[Records from a data collection]
(* Let $r\ge 1$, $n\ge r+1$, and let $K$ be a pure $r$-dimensional simplicial complex on $n$ vertices with $\beta_i(K)=0$ for all $i\in\{1,\dots,r\}$. Then $$\mathfrak{q}_{r-1}(K)\le rn-r^2+1,$$ with equality if and only if $K\cong{\sf T}_n^r$.
   Context: A (finite abstract) simplicial complex $K$ on a finite vertex set $V(K)$ is a family of subsets of $V(K)$ closed under taking subsets and containing every singleton; it is on $n$ vertices if $|V(K)|=n$. An $i$-face is a member of cardinality $i+1$; $S_i(K)$ is the set of $i$-faces; facets are inclusion-maximal faces; $K$ is pure if all facets have the same dimension. $\beta_i(K)=\dim_{\mathbb R}H_i(K;\mathbb R)$ is the $i$-th Betti number (real simplicial homology). For an $i$-face $F$, $d_K(F)$ is the number of $(i+1)$-faces containing $F$; two distinct $i$-faces are up-neighbors if their union is an $(i+1)$-face. The signless up Laplacian $Q_i^{\mathrm{up}}(K)$ is the operator on $\mathbb{R}^{S_i(K)}$ given by $(Q_i^{\mathrm{up}}(K)f)(F)=d_K(F)f(F)+\sum_{F'\text{ up-neighbor of }F}f(F')$, and $\mathfrak{q}_i(K)$ is its largest eigenvalue. The tented complex ${\sf T}_n^r$ is the pure $r$-dimensional complex on $[n]$ whose facets are the sets $\{n\}\cup F$ with $F$ an $r$-subset of $[n-1]$. *)

theory Defs
  imports "HOL-Analysis.Analysis" "HOL-Library.Function_Algebras"
begin

definition simplicial_complex :: "'a set \<Rightarrow> 'a set set \<Rightarrow> bool" where
  "simplicial_complex V K \<longleftrightarrow> finite V \<and> (\<forall>F\<in>K. F \<subseteq> V)
     \<and> (\<forall>F\<in>K. \<forall>G. G \<subseteq> F \<longrightarrow> G \<in> K) \<and> (\<forall>v\<in>V. {v} \<in> K)"
text \<open>The projection of \<open>V \<otimes> (g \<oplus> \<complex>) \<otimes> (g \<oplus> \<complex>)\<close> onto its summand
  \<open>V \<otimes> \<complex> \<otimes> \<complex> \<cong> V\<close>.\<close>

definition scalar_coeff ::
  "(complex \<Rightarrow> 'v \<Rightarrow> 'v::ab_group_add) \<Rightarrow> ('v \<times> ('g \<times> complex) \<times> ('g \<times> complex)) fv \<Rightarrow> 'v" where
  "scalar_coeff sv = lin_ext sv (\<lambda>(w, p, q). sv (snd p * snd q) w)"

lemma scalar_coeff_gen:
  "vector_space sv \<Longrightarrow> scalar_coeff sv (gen (w, p, q)) = sv (snd p * snd q) w"
  unfolding scalar_coeff_def by (simp add: lin_ext_gen module_iff_vector_space)

lemma scalar_coeff_eq_0_on_span:
  fixes sg :: "complex \<Rightarrow> 'g \<Rightarrow> 'g::ab_group_add"
  assumes "vector_space sv" "r \<in> module.span fsc (tensor3_rels sv (tsc sg) (tsc sg))"
  shows "scalar_coeff sv r = 0"
proof -
  interpret vector_space sv by fact
  show ?thesis
    unfolding scalar_coeff_def
    by (rule lin_ext_eq_0_on_tensor3_span[OF module_axioms _ _ _ _ _ _ assms(2)])
       (simp_all add: tsc_def scale_right_distrib scale_left_distrib distrib_left distrib_right
          mult.assoc mult.left_commute)
qed

definition braid_lhs ::
  "('g::zero \<Rightarrow> 'g \<Rightarrow> 'g) \<Rightarrow> ('g \<Rightarrow> 'v \<Rightarrow> 'v) \<Rightarrow> complex \<Rightarrow>
   (('g \<times> complex) \<times> ('g \<times> complex) \<times> 'v) fv \<Rightarrow> ('v \<times> ('g \<times> complex) \<times> ('g \<times> complex)) fv" where
  "braid_lhs br A lam t =
     fext (tens_left (RVmap A lam)) (fext (tens_right (RVmap A lam)) (fext (tens_left (Rmap br lam)) t))"

definition braid_rhs ::
  "('g::zero \<Rightarrow> 'g \<Rightarrow> 'g) \<Rightarrow> ('g \<Rightarrow> 'v \<Rightarrow> 'v) \<Rightarrow> complex \<Rightarrow>
   (('g \<times> complex) \<times> ('g \<times> complex) \<times> 'v) fv \<Rightarrow> ('v \<times> ('g \<times> complex) \<times> ('g \<times> complex)) fv" where
  "braid_rhs br A lam t =
     fext (tens_right (Rmap br lam)) (fext (tens_left (RVmap A lam)) (fext (tens_right (RVmap A lam)) t))"
lemma mpoly_fun_mult:
  assumes "mpoly_fun n Q" "mpoly_fun n R"
  shows "mpoly_fun n (\<lambda>y. Q y * R y)"
proof -
  obtain S\<^sub>1 c\<^sub>1 where fin\<^sub>1: "finite S\<^sub>1"
    and Q: "\<And>y. Q y = (\<Sum>e\<in>S\<^sub>1. c\<^sub>1 e * monomial_fun n e y)"
    using assms(1) unfolding mpoly_fun_iff_monomials by blast
  obtain S\<^sub>2 c\<^sub>2 where fin\<^sub>2: "finite S\<^sub>2"
    and R: "\<And>y. R y = (\<Sum>e\<in>S\<^sub>2. c\<^sub>2 e * monomial_fun n e y)"
    using assms(2) unfolding mpoly_fun_iff_monomials by blast
  have "Q y * R y = (\<Sum>e\<in>S\<^sub>1. \<Sum>f\<in>S\<^sub>2. (c\<^sub>1 e * c\<^sub>2 f) * monomial_fun n (\<lambda>i. e i + f i) y)" for y
    unfolding Q R sum_product monomial_fun_mult[symmetric] by (simp only: mult_ac)
  moreover have "mpoly_fun n (\<lambda>y. \<Sum>e\<in>S\<^sub>1. \<Sum>f\<in>S\<^sub>2. (c\<^sub>1 e * c\<^sub>2 f) * monomial_fun n (\<lambda>i. e i + f i) y)"
    using fin\<^sub>1 fin\<^sub>2 by (intro mpoly_fun_sum mpoly_fun_monomial)
  ultimately show ?thesis by simp
qed
lemma mpoly_fun_diff:
  assumes "mpoly_fun n Q" "mpoly_fun n R"
  shows "mpoly_fun n (\<lambda>y. Q y - R y)"
  using mpoly_fun_add[OF assms(1) mpoly_fun_mult[OF mpoly_fun_const assms(2)], of "- 1"] by simp

definition monic_coeffs :: "nat \<Rightarrow> (nat \<Rightarrow> real) \<Rightarrow> nat \<Rightarrow> real" where
  "monic_coeffs n y i = (if i < n then y i else if i = n then 1 else 0)"

lemma mpoly_fun_monic_coeffs: "mpoly_fun n (\<lambda>y. monic_coeffs n y i)"
  unfolding monic_coeffs_def by (cases "i < n") (simp_all add: mpoly_fun_var mpoly_fun_const)

lemma acoef_eq_monic_coeffs: "acoef n i x = monic_coeffs n (avec n x) i"
  unfolding monic_coeffs_def avec_def by (auto simp: acoef_eq_0)

definition gamma_mpoly :: "nat \<Rightarrow> nat \<Rightarrow> nat \<Rightarrow> (nat \<Rightarrow> real) \<Rightarrow> real" where
  "gamma_mpoly n k p y = gamma_form (monic_coeffs n y) k p"

lemma mpoly_fun_gamma_mpoly: "mpoly_fun n (gamma_mpoly n k p)"
  unfolding gamma_mpoly_def gamma_form_def alpha_skew_def
  by (intro mpoly_fun_sum mpoly_fun_diff mpoly_fun_mult mpoly_fun_monic_coeffs mpoly_fun_const) simp

lemma GammaE_acoef_eq_gamma_mpoly:
  "GammaE n (acoef n k) (acoef n p) x = gamma_mpoly n k p (avec n x)"
  unfolding GammaE_acoef_eq_gamma_form gamma_mpoly_def acoef_eq_monic_coeffs ..

section \<open>Uniqueness of polynomial expressions in the coefficients\<close>

lemma mpoly_fun_cong:
  assumes "mpoly_fun n Q" "\<forall>i<n. y i = z i"
  shows "Q y = Q z"
proof -
  obtain S c where Q: "\<And>y. Q y = (\<Sum>e\<in>S. c e * monomial_fun n e y)"
    using assms(1) unfolding mpoly_fun_iff_monomials by blast
  have "monomial_fun n e y = monomial_fun n e z" for e
    unfolding monomial_fun_def using assms(2) by (intro prod.cong) auto
  then show ?thesis by (simp add: Q)
qed
lemma Gamma2_surj_mod_odd:
  assumes "odd m" "int m dvd mdet X - 1"
  shows "\<exists>g\<in>Gamma2. mred m g = mred m X"
proof -
  have "m > 0"
    using \<open>odd m\<close> by (cases m) auto
  then obtain E where "E \<in> elementary" "mred m E = mred m X"
    using congruent_elementary assms(2) by blast
  then show ?thesis
    using elementary_congruent_Gamma2[OF \<open>odd m\<close>] by metis
qed

lemma relators_mdet: "r \<in> relators N \<Longrightarrow> mdet r = 1"
  by (auto simp: relators_def commut_def matA_def matB_def mdet_mpow mdet_mmul)

lemma PhiT_mdet: "P \<in> PhiT N \<Longrightarrow> mdet P = 1"
  by (induction P rule: PhiT.induct) (auto simp: mdet_mmul Gamma2_mdet relators_mdet mI_def)

lemma relators_subset_PhiT: "relators N \<subseteq> PhiT N"
  using PhiT.conj[OF mI_in_Gamma2] by fastforce

lemma PhiT_conj_Gamma2:
  assumes "P \<in> PhiT N" "g \<in> Gamma2"
  shows "mmul (mmul g P) (minv g) \<in> PhiT N"
  using assms(1)
proof (induction P rule: PhiT.induct)
  case one
  then show ?case
    using mmul_minv_right[OF Gamma2_mdet[OF assms(2)]] by (simp add: PhiT.one)
next
  case negone
  then show ?case
    using mmul_minv_right[OF Gamma2_mdet[OF assms(2)]] by (simp add: PhiT.negone mmul_mneg_mI)
next
  case (conj h r)
  have "mmul (mmul g (mmul (mmul h r) (minv h))) (minv g) = mmul (mmul (mmul g h) r) (minv (mmul g h))"
    by (simp add: mmul_assoc minv_mmul)
  then show ?case
    using PhiT.conj[OF Gamma2_mmul[OF assms(2) conj.hyps(1)] conj.hyps(2)] by simp
next
  case (mult a b)
  have "mmul (mmul g (mmul a b)) (minv g)
      = mmul (mmul (mmul g a) (minv g)) (mmul (mmul g b) (minv g))"
  proof -
    have "mmul (minv g) (mmul g Y) = Y" for Y
      using mmul_minv_left[OF Gamma2_mdet[OF assms(2)]] by (simp flip: mmul_assoc)
    then show ?thesis
      by (simp add: mmul_assoc)
  qed
  then show ?case
    using PhiT.mult[OF mult.IH] by simp
next
  case (inv a)
  have "minv (mmul (mmul g a) (minv g)) = mmul (mmul g (minv a)) (minv g)"
    by (simp add: mmul_assoc minv_mmul)
  then show ?case
    using PhiT.inv[OF inv.IH] by simp
qed

section \<open>A collapsing lemma in abstract groups\<close>

context group
begin

lemma commute_if_commutator_one:
  assumes "x \<in> carrier G" "y \<in> carrier G" "x \<otimes> y \<otimes> (inv x \<otimes> inv y) = \<one>"
  shows "x \<otimes> y = y \<otimes> x"
proof -
  have "inv y \<otimes> (y \<otimes> x) = x"
    using assms(1,2) by (simp flip: m_assoc)
  then have "x \<otimes> y = x \<otimes> y \<otimes> (inv x \<otimes> inv y) \<otimes> (y \<otimes> x)"
    using assms(1,2) by (simp add: m_assoc)
  then show ?thesis
    using assms by simp
qed

lemma pow_twisted_commute_left:
  assumes carr: "x \<in> carrier G" "y \<in> carrier G" "z \<in> carrier G"
    and twist: "x \<otimes> y = z \<otimes> y \<otimes> x" and zx: "z \<otimes> x = x \<otimes> z"
  shows "x [^] (i::nat) \<otimes> y = z [^] i \<otimes> y \<otimes> x [^] i"
proof (induction i)
  case (Suc i)
  have "x [^] Suc i \<otimes> y = x \<otimes> (x [^] i \<otimes> y)"
    using carr by (subst nat_pow_Suc2) (simp_all add: m_assoc)
  also have "\<dots> = (x \<otimes> z [^] i) \<otimes> y \<otimes> x [^] i"
    using Suc carr by (simp add: m_assoc)
  also have "\<dots> = z [^] i \<otimes> (x \<otimes> y) \<otimes> x [^] i"
    using group_commutes_pow[OF zx, symmetric] carr by (simp add: m_assoc)
  also have "\<dots> = z [^] Suc i \<otimes> y \<otimes> x [^] Suc i"
    using carr nat_pow_Suc2[of x i] by (simp add: twist m_assoc)
  finally show ?case .
qed (simp add: carr)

**Try it:**
Reproduce, word for word and in full, only the lines above that start at the line with "PhiT N \<Longrightarrow>" and run through the line with "case (mult a b)", both ends included.

**Result:**
lemma PhiT_mdet: "P \<in> PhiT N \<Longrightarrow> mdet P = 1"
  by (induction P rule: PhiT.induct) (auto simp: mdet_mmul Gamma2_mdet relators_mdet mI_def)

lemma relators_subset_PhiT: "relators N \<subseteq> PhiT N"
  using PhiT.conj[OF mI_in_Gamma2] by fastforce

lemma PhiT_conj_Gamma2:
  assumes "P \<in> PhiT N" "g \<in> Gamma2"
  shows "mmul (mmul g P) (minv g) \<in> PhiT N"
  using assms(1)
proof (induction P rule: PhiT.induct)
  case one
  then show ?case
    using mmul_minv_right[OF Gamma2_mdet[OF assms(2)]] by (simp add: PhiT.one)
next
  case negone
  then show ?case
    using mmul_minv_right[OF Gamma2_mdet[OF assms(2)]] by (simp add: PhiT.negone mmul_mneg_mI)
next
  case (conj h r)
  have "mmul (mmul g (mmul (mmul h r) (minv h))) (minv g) = mmul (mmul (mmul g h) r) (minv (mmul g h))"
    by (simp add: mmul_assoc minv_mmul)
  then show ?case
    using PhiT.conj[OF Gamma2_mmul[OF assms(2) conj.hyps(1)] conj.hyps(2)] by simp
next
  case (mult a b)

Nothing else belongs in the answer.